(* Let $n\geq 4$, and let $\Omega_n\subset\mathbb{R}^{2n-3}$, the associated polygons, and $\Gamma_n$ be as described in the context. Define $\Theta:\mathbb{R}^5\to\mathbb{R}$ by $$\Theta(u_1,u_2,u_3,u_4,u_5)=u_1u_2(u_4^2+u_5^2-u_3^2)+u_4u_5(u_1^2+u_2^2-u_3^2),$$ and $\gamma:\Omega_n\to\mathbb{R}^{n-3}$ by $\gamma(\omega)=(\gamma_1(\omega),\dots,\gamma_{n-3}(\omega))$, where $\gamma_k(\omega)=\Theta(t_k,x_k,t_{k+1},x_{k+1},t_{k+2})$ for $\omega=(t_1,x_1,t_2,x_2,\dots,t_{n-2},x_{n-2},t_{n-1})$. Then $\Gamma_n=\gamma^{-1}(\{0\})$, and $\Gamma_n$ is a differentiable submanifold of dimension $n$ of $\mathbb{R}^{2n-3}$.
   Context: Let $\mathcal V=\{(x,y,z)\in\mathbb{R}^3: 0<x<y+z,\ 0<y<x+z,\ 0<z<x+y\}$. For $(t,x,s)\in\mathcal V$ let $\alpha(t,x,s)\in\,]0,\pi[$ be the angle opposite the side of length $x$ in a triangle with side lengths $t,x,s$, i.e. $\alpha(t,x,s)=\arccos\frac{t^2+s^2-x^2}{2ts}$. Let $$\Omega_n=\Big\{\omega=(t_1,x_1,t_2,x_2,\dots,t_{n-2},x_{n-2},t_{n-1})\in(\mathbb{R}_{>0})^{2n-3}:\ (t_k,x_k,t_{k+1})\in\mathcal V \text{ for } k=1,\dots,n-2,\ \sum_{k=1}^{n-2}\alpha(t_k,x_k,t_{k+1})<2\pi\Big\}.$$ To $\omega\in\Omega_n$ associate the planar polygon $(M_1,\dots,M_n)$ with $M_n=O$ the origin, $M_k=t_k(\cos\theta_k,\sin\theta_k)$ for $1\le k\le n-1$, where $\theta_1=0$ and $\theta_{k+1}=\theta_k+\alpha(t_k,x_k,t_{k+1})$. Thus $t_k=M_nM_k$ and $x_k=M_kM_{k+1}$; the sides of the polygon have lengths $t_1,x_1,\dots,x_{n-2},t_{n-1}$, and $t_2,\dots,t_{n-2}$ are the lengths of the diagonals from $M_n$. The paper identifies $\Omega_n$ with the space of isometry classes of polygons star-shaped with respect to the vertex $M_n$. $\Gamma_n$ denotes the set of $\omega\in\Omega_n$ whose associated polygon is inscribable, i.e. all its vertices lie on a common circle. *)

theory Defs
  imports "HOL-Analysis.Analysis"
begin

text \<open>C^k on an open set via iterated directional derivatives (equivalent to the
usual definition in finite dimension).\<close>
fun Ck_on :: "nat \<Rightarrow> 'a::real_normed_vector set \<Rightarrow> ('a \<Rightarrow> 'b::real_normed_vector) \<Rightarrow> bool" where
  "Ck_on 0 U f = continuous_on U f"
| "Ck_on (Suc k) U f =
     (f differentiable_on U \<and>
      (\<forall>v. Ck_on k U (\<lambda>x. frechet_derivative f (at x) v)))"

definition smooth_on :: "'a::real_normed_vector set \<Rightarrow> ('a \<Rightarrow> 'b::real_normed_vector) \<Rightarrow> bool" where
  "smooth_on U f \<longleftrightarrow> (\<forall>k. Ck_on k U f)"

definition diffeo_between :: "'a::real_normed_vector set \<Rightarrow> 'a set \<Rightarrow> ('a \<Rightarrow> 'a) \<Rightarrow> bool" where
  "diffeo_between U V \<phi> \<longleftrightarrow>
     (\<exists>\<psi>. \<phi> ` U = V \<and> \<psi> ` V = U \<and> (\<forall>x\<in>U. \<psi> (\<phi> x) = x) \<and> (\<forall>y\<in>V. \<phi> (\<psi> y) = y)
          \<and> smooth_on U \<phi> \<and> smooth_on V \<psi>)"

definition smooth_submanifold :: "'a::euclidean_space set \<Rightarrow> nat \<Rightarrow> bool" where
  "smooth_submanifold S d \<longleftrightarrow>
     (\<forall>p\<in>S. \<exists>U V \<phi> L. open U \<and> p \<in> U \<and> open V \<and> diffeo_between U V \<phi> \<and>
        subspace L \<and> dim L = d \<and> \<phi> ` (S \<inter> U) = V \<inter> L)"

text \<open>A point omega = (t_1,x_1,...,x_{n-2},t_{n-1}) is given as a coordinate sequence
c :: nat => real with c 0 = t_1, c 1 = x_1, c 2 = t_2, ...\<close>

definition tc :: "(nat \<Rightarrow> real) \<Rightarrow> nat \<Rightarrow> real" where
  "tc c k = c (2 * k - 2)"

definition xc :: "(nat \<Rightarrow> real) \<Rightarrow> nat \<Rightarrow> real" where
  "xc c k = c (2 * k - 1)"

definition in_V :: "real \<Rightarrow> real \<Rightarrow> real \<Rightarrow> bool" where
  "in_V x y z \<longleftrightarrow> 0 < x \<and> x < y + z \<and> 0 < y \<and> y < x + z \<and> 0 < z \<and> z < x + y"

definition alpha :: "real \<Rightarrow> real \<Rightarrow> real \<Rightarrow> real" where
  "alpha t x s = arccos ((t\<^sup>2 + s\<^sup>2 - x\<^sup>2) / (2 * t * s))"

definition in_Omega :: "nat \<Rightarrow> (nat \<Rightarrow> real) \<Rightarrow> bool" where
  "in_Omega n c \<longleftrightarrow>
     (\<forall>i < 2 * n - 3. 0 < c i) \<and>
     (\<forall>k\<in>{1..n-2}. in_V (tc c k) (xc c k) (tc c (Suc k))) \<and>
     (\<Sum>k=1..n-2. alpha (tc c k) (xc c k) (tc c (Suc k))) < 2 * pi"

definition theta :: "(nat \<Rightarrow> real) \<Rightarrow> nat \<Rightarrow> real" where
  "theta c k = (\<Sum>j=1..<k. alpha (tc c j) (xc c j) (tc c (Suc j)))"

definition vertex :: "nat \<Rightarrow> (nat \<Rightarrow> real) \<Rightarrow> nat \<Rightarrow> complex" where
  "vertex n c k = (if k = n then 0 else complex_of_real (tc c k) * cis (theta c k))"
(* Let $V=\{v_1,\dots,v_m\}\subset\mathbb{R}^d$ be a finite set of points and $r\in\mathbb{R}^d$. Let $\mathcal{B}(V,r)$ be the poset, ordered by inclusion, of all weakly $r$-balanced subsets $S\subset V$ with $S\neq V$, and let $\overline{\mathcal{B}}(V,r)$ be the poset, ordered by inclusion, of all $r$-balanced subsets $S\subset V$ with $S\neq V$. Then the order complexes are homotopy equivalent: $\Delta\mathcal{B}(V,r)\simeq\Delta\overline{\mathcal{B}}(V,r)$.
   Context: A subset $S\subset V$ is called weakly $r$-balanced if $r\in\mathrm{conv}(S)$, and $r$-balanced if $r\in\mathrm{relint}(\mathrm{conv}(S))$ (relative interior taken within the affine hull of $S$). For a poset $\mathcal{P}$, $\Delta\mathcal{P}$ denotes its order complex. *)

theory Defs
  imports "HOL-Analysis.Analysis"
begin

definition weakly_balanced :: "'a::euclidean_space \<Rightarrow> 'a set \<Rightarrow> bool" where
  "weakly_balanced r S \<longleftrightarrow> r \<in> convex hull S"

definition balanced_set :: "'a::euclidean_space \<Rightarrow> 'a set \<Rightarrow> bool" where
  "balanced_set r S \<longleftrightarrow> r \<in> rel_interior (convex hull S)"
══════════════════════════════
### Assignment
Starting with the first record, copy everything through the final one exactly.

### Task response
(* Let $n\geq 4$, and let $\Omega_n\subset\mathbb{R}^{2n-3}$, the associated polygons, and $\Gamma_n$ be as described in the context. Define $\Theta:\mathbb{R}^5\to\mathbb{R}$ by $$\Theta(u_1,u_2,u_3,u_4,u_5)=u_1u_2(u_4^2+u_5^2-u_3^2)+u_4u_5(u_1^2+u_2^2-u_3^2),$$ and $\gamma:\Omega_n\to\mathbb{R}^{n-3}$ by $\gamma(\omega)=(\gamma_1(\omega),\dots,\gamma_{n-3}(\omega))$, where $\gamma_k(\omega)=\Theta(t_k,x_k,t_{k+1},x_{k+1},t_{k+2})$ for $\omega=(t_1,x_1,t_2,x_2,\dots,t_{n-2},x_{n-2},t_{n-1})$. Then $\Gamma_n=\gamma^{-1}(\{0\})$, and $\Gamma_n$ is a differentiable submanifold of dimension $n$ of $\mathbb{R}^{2n-3}$.
   Context: Let $\mathcal V=\{(x,y,z)\in\mathbb{R}^3: 0<x<y+z,\ 0<y<x+z,\ 0<z<x+y\}$. For $(t,x,s)\in\mathcal V$ let $\alpha(t,x,s)\in\,]0,\pi[$ be the angle opposite the side of length $x$ in a triangle with side lengths $t,x,s$, i.e. $\alpha(t,x,s)=\arccos\frac{t^2+s^2-x^2}{2ts}$. Let $$\Omega_n=\Big\{\omega=(t_1,x_1,t_2,x_2,\dots,t_{n-2},x_{n-2},t_{n-1})\in(\mathbb{R}_{>0})^{2n-3}:\ (t_k,x_k,t_{k+1})\in\mathcal V \text{ for } k=1,\dots,n-2,\ \sum_{k=1}^{n-2}\alpha(t_k,x_k,t_{k+1})<2\pi\Big\}.$$ To $\omega\in\Omega_n$ associate the planar polygon $(M_1,\dots,M_n)$ with $M_n=O$ the origin, $M_k=t_k(\cos\theta_k,\sin\theta_k)$ for $1\le k\le n-1$, where $\theta_1=0$ and $\theta_{k+1}=\theta_k+\alpha(t_k,x_k,t_{k+1})$. Thus $t_k=M_nM_k$ and $x_k=M_kM_{k+1}$; the sides of the polygon have lengths $t_1,x_1,\dots,x_{n-2},t_{n-1}$, and $t_2,\dots,t_{n-2}$ are the lengths of the diagonals from $M_n$. The paper identifies $\Omega_n$ with the space of isometry classes of polygons star-shaped with respect to the vertex $M_n$. $\Gamma_n$ denotes the set of $\omega\in\Omega_n$ whose associated polygon is inscribable, i.e. all its vertices lie on a common circle. *)

theory Defs
  imports "HOL-Analysis.Analysis"
begin

text \<open>C^k on an open set via iterated directional derivatives (equivalent to the
usual definition in finite dimension).\<close>
fun Ck_on :: "nat \<Rightarrow> 'a::real_normed_vector set \<Rightarrow> ('a \<Rightarrow> 'b::real_normed_vector) \<Rightarrow> bool" where
  "Ck_on 0 U f = continuous_on U f"
| "Ck_on (Suc k) U f =
     (f differentiable_on U \<and>
      (\<forall>v. Ck_on k U (\<lambda>x. frechet_derivative f (at x) v)))"

definition smooth_on :: "'a::real_normed_vector set \<Rightarrow> ('a \<Rightarrow> 'b::real_normed_vector) \<Rightarrow> bool" where
  "smooth_on U f \<longleftrightarrow> (\<forall>k. Ck_on k U f)"

definition diffeo_between :: "'a::real_normed_vector set \<Rightarrow> 'a set \<Rightarrow> ('a \<Rightarrow> 'a) \<Rightarrow> bool" where
  "diffeo_between U V \<phi> \<longleftrightarrow>
     (\<exists>\<psi>. \<phi> ` U = V \<and> \<psi> ` V = U \<and> (\<forall>x\<in>U. \<psi> (\<phi> x) = x) \<and> (\<forall>y\<in>V. \<phi> (\<psi> y) = y)
          \<and> smooth_on U \<phi> \<and> smooth_on V \<psi>)"

definition smooth_submanifold :: "'a::euclidean_space set \<Rightarrow> nat \<Rightarrow> bool" where
  "smooth_submanifold S d \<longleftrightarrow>
     (\<forall>p\<in>S. \<exists>U V \<phi> L. open U \<and> p \<in> U \<and> open V \<and> diffeo_between U V \<phi> \<and>
        subspace L \<and> dim L = d \<and> \<phi> ` (S \<inter> U) = V \<inter> L)"

text \<open>A point omega = (t_1,x_1,...,x_{n-2},t_{n-1}) is given as a coordinate sequence
c :: nat => real with c 0 = t_1, c 1 = x_1, c 2 = t_2, ...\<close>

definition tc :: "(nat \<Rightarrow> real) \<Rightarrow> nat \<Rightarrow> real" where
  "tc c k = c (2 * k - 2)"

definition xc :: "(nat \<Rightarrow> real) \<Rightarrow> nat \<Rightarrow> real" where
  "xc c k = c (2 * k - 1)"

definition in_V :: "real \<Rightarrow> real \<Rightarrow> real \<Rightarrow> bool" where
  "in_V x y z \<longleftrightarrow> 0 < x \<and> x < y + z \<and> 0 < y \<and> y < x + z \<and> 0 < z \<and> z < x + y"

definition alpha :: "real \<Rightarrow> real \<Rightarrow> real \<Rightarrow> real" where
  "alpha t x s = arccos ((t\<^sup>2 + s\<^sup>2 - x\<^sup>2) / (2 * t * s))"

definition in_Omega :: "nat \<Rightarrow> (nat \<Rightarrow> real) \<Rightarrow> bool" where
  "in_Omega n c \<longleftrightarrow>
     (\<forall>i < 2 * n - 3. 0 < c i) \<and>
     (\<forall>k\<in>{1..n-2}. in_V (tc c k) (xc c k) (tc c (Suc k))) \<and>
     (\<Sum>k=1..n-2. alpha (tc c k) (xc c k) (tc c (Suc k))) < 2 * pi"

definition theta :: "(nat \<Rightarrow> real) \<Rightarrow> nat \<Rightarrow> real" where
  "theta c k = (\<Sum>j=1..<k. alpha (tc c j) (xc c j) (tc c (Suc j)))"

definition vertex :: "nat \<Rightarrow> (nat \<Rightarrow> real) \<Rightarrow> nat \<Rightarrow> complex" where
  "vertex n c k = (if k = n then 0 else complex_of_real (tc c k) * cis (theta c k))"
(* Let $V=\{v_1,\dots,v_m\}\subset\mathbb{R}^d$ be a finite set of points and $r\in\mathbb{R}^d$. Let $\mathcal{B}(V,r)$ be the poset, ordered by inclusion, of all weakly $r$-balanced subsets $S\subset V$ with $S\neq V$, and let $\overline{\mathcal{B}}(V,r)$ be the poset, ordered by inclusion, of all $r$-balanced subsets $S\subset V$ with $S\neq V$. Then the order complexes are homotopy equivalent: $\Delta\mathcal{B}(V,r)\simeq\Delta\overline{\mathcal{B}}(V,r)$.
   Context: A subset $S\subset V$ is called weakly $r$-balanced if $r\in\mathrm{conv}(S)$, and $r$-balanced if $r\in\mathrm{relint}(\mathrm{conv}(S))$ (relative interior taken within the affine hull of $S$). For a poset $\mathcal{P}$, $\Delta\mathcal{P}$ denotes its order complex. *)

theory Defs
  imports "HOL-Analysis.Analysis"
begin

definition weakly_balanced :: "'a::euclidean_space \<Rightarrow> 'a set \<Rightarrow> bool" where
  "weakly_balanced r S \<longleftrightarrow> r \<in> convex hull S"

definition balanced_set :: "'a::euclidean_space \<Rightarrow> 'a set \<Rightarrow> bool" where
  "balanced_set r S \<longleftrightarrow> r \<in> rel_interior (convex hull S)"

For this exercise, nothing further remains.